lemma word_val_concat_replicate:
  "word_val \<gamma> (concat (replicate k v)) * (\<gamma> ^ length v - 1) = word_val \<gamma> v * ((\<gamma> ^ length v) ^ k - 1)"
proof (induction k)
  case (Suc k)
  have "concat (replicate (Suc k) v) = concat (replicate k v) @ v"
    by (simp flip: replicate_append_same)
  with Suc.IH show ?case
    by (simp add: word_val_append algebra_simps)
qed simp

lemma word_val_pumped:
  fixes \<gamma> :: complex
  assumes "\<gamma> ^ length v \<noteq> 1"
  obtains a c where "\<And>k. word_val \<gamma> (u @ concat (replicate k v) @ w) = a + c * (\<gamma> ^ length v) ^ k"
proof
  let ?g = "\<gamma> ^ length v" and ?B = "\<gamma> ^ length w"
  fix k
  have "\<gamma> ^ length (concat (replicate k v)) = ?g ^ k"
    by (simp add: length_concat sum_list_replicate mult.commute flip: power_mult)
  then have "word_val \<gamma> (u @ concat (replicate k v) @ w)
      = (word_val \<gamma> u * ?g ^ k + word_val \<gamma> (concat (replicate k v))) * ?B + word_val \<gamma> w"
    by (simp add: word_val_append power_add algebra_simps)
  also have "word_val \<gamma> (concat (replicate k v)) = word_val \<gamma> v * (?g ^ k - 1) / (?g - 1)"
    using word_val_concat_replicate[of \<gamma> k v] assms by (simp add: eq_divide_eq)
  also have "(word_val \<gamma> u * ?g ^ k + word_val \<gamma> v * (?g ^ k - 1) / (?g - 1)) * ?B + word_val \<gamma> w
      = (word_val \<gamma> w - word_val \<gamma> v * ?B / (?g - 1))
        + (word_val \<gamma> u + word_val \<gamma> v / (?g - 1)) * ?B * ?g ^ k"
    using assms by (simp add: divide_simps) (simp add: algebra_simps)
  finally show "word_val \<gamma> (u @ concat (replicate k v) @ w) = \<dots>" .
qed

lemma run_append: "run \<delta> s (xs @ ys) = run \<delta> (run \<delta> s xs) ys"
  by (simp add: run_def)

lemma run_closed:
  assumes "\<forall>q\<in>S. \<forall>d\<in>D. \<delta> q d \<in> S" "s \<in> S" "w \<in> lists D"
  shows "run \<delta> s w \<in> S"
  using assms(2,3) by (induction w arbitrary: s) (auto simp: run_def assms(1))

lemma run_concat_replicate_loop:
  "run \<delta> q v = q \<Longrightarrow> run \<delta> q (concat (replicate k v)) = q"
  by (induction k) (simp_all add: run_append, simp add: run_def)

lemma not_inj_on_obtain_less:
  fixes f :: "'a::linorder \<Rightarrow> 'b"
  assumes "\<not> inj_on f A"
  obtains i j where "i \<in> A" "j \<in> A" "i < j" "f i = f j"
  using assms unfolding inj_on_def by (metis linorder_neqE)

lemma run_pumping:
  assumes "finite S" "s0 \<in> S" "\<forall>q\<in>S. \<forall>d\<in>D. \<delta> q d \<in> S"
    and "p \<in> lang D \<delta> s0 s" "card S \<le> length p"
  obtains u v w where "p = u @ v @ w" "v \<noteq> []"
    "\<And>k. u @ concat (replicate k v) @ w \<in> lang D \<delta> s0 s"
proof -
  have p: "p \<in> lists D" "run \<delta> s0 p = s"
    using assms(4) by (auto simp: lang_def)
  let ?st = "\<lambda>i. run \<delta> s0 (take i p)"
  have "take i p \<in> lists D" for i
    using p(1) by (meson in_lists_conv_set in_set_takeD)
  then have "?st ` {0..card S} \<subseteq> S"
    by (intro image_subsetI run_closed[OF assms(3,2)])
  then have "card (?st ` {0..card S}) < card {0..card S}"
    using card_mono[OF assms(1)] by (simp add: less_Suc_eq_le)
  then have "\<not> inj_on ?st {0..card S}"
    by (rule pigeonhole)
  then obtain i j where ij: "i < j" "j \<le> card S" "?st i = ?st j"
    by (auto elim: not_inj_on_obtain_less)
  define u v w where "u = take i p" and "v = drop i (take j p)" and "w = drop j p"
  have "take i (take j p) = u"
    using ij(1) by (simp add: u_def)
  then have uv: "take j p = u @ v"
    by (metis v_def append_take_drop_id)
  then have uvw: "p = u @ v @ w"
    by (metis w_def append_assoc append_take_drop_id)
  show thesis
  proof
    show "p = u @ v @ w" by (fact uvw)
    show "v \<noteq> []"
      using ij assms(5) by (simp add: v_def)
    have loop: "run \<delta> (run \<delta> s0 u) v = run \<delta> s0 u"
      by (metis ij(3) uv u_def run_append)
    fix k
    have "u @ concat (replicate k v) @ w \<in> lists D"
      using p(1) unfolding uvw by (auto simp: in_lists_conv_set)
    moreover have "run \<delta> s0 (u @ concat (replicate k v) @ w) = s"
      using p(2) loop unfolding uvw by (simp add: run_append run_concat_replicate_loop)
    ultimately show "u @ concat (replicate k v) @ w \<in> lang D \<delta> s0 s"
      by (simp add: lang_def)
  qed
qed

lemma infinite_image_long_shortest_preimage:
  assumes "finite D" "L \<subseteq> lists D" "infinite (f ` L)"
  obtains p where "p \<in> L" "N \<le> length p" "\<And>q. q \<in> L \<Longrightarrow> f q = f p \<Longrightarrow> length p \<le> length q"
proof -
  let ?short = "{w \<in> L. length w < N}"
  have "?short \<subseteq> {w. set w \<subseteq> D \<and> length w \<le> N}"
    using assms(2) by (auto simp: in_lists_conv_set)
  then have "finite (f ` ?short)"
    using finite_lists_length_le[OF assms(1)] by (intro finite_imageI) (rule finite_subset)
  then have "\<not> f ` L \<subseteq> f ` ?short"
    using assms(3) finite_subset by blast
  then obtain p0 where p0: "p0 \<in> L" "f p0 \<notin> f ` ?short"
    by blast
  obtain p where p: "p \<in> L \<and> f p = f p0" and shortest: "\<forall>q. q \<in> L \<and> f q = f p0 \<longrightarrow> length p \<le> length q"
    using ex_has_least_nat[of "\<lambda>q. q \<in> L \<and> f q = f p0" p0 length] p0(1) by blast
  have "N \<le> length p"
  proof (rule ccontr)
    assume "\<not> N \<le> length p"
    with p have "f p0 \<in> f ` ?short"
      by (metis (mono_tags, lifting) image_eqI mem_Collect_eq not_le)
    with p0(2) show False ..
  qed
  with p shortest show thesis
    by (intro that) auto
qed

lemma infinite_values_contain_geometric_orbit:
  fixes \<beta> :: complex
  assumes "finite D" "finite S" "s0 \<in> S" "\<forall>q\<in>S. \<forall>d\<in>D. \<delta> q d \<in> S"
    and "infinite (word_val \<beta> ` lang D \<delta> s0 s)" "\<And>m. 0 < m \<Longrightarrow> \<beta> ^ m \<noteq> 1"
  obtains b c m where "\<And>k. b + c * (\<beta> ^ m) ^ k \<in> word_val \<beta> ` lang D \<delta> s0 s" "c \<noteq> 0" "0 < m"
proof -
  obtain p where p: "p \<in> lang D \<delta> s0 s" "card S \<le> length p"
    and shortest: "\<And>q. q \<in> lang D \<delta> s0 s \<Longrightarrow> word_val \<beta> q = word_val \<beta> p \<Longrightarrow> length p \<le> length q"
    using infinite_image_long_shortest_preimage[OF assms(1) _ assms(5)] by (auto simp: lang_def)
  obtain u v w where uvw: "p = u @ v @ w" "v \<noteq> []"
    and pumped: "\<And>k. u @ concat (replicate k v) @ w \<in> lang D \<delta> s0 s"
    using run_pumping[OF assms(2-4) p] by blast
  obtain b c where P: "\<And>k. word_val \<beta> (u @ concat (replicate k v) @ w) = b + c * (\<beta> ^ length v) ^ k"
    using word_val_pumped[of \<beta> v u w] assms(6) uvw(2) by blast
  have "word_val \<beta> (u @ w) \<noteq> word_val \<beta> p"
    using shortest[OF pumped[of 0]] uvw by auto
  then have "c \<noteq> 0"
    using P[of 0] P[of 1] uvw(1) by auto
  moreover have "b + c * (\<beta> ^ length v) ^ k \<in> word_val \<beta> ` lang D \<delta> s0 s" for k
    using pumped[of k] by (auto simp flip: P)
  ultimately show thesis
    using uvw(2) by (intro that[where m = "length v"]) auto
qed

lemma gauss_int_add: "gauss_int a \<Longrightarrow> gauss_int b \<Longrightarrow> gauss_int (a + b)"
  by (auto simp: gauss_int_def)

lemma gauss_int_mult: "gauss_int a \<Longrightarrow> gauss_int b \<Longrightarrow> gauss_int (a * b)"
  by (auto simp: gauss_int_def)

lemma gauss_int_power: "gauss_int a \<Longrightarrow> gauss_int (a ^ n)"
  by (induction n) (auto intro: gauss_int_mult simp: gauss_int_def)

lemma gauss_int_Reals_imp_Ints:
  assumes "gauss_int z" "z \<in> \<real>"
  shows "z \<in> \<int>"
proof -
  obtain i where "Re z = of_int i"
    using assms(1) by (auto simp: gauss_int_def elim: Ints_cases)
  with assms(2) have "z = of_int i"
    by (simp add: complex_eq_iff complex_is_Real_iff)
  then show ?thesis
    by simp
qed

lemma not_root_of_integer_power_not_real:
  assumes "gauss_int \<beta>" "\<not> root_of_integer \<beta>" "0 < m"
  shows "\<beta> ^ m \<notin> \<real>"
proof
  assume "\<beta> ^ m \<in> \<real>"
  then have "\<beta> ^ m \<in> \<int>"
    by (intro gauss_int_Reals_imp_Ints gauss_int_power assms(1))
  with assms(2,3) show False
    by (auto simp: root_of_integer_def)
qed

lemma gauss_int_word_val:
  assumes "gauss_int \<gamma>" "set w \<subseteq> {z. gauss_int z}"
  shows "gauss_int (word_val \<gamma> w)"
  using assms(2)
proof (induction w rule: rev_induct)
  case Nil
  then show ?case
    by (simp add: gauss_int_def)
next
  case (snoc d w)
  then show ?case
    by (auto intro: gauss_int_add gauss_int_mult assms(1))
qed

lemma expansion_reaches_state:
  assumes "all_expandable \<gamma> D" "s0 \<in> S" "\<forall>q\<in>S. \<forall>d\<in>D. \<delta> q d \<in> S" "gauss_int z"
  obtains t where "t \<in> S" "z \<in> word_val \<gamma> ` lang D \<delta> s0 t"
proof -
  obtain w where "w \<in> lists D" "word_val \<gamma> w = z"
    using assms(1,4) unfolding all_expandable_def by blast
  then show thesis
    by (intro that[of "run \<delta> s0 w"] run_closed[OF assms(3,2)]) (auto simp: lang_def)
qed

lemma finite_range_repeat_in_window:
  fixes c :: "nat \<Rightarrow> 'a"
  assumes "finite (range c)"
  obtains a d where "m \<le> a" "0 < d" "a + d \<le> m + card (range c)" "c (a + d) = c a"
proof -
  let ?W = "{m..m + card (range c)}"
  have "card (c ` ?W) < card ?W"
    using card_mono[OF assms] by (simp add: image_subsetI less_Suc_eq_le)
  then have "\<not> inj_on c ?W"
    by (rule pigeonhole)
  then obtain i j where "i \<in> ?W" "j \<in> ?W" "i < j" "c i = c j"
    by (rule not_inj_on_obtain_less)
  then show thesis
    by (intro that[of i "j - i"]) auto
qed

- - - -

Please copy out each line of the data in which the word "False" occurs.

    with p0(2) show False ..
  with assms(2,3) show False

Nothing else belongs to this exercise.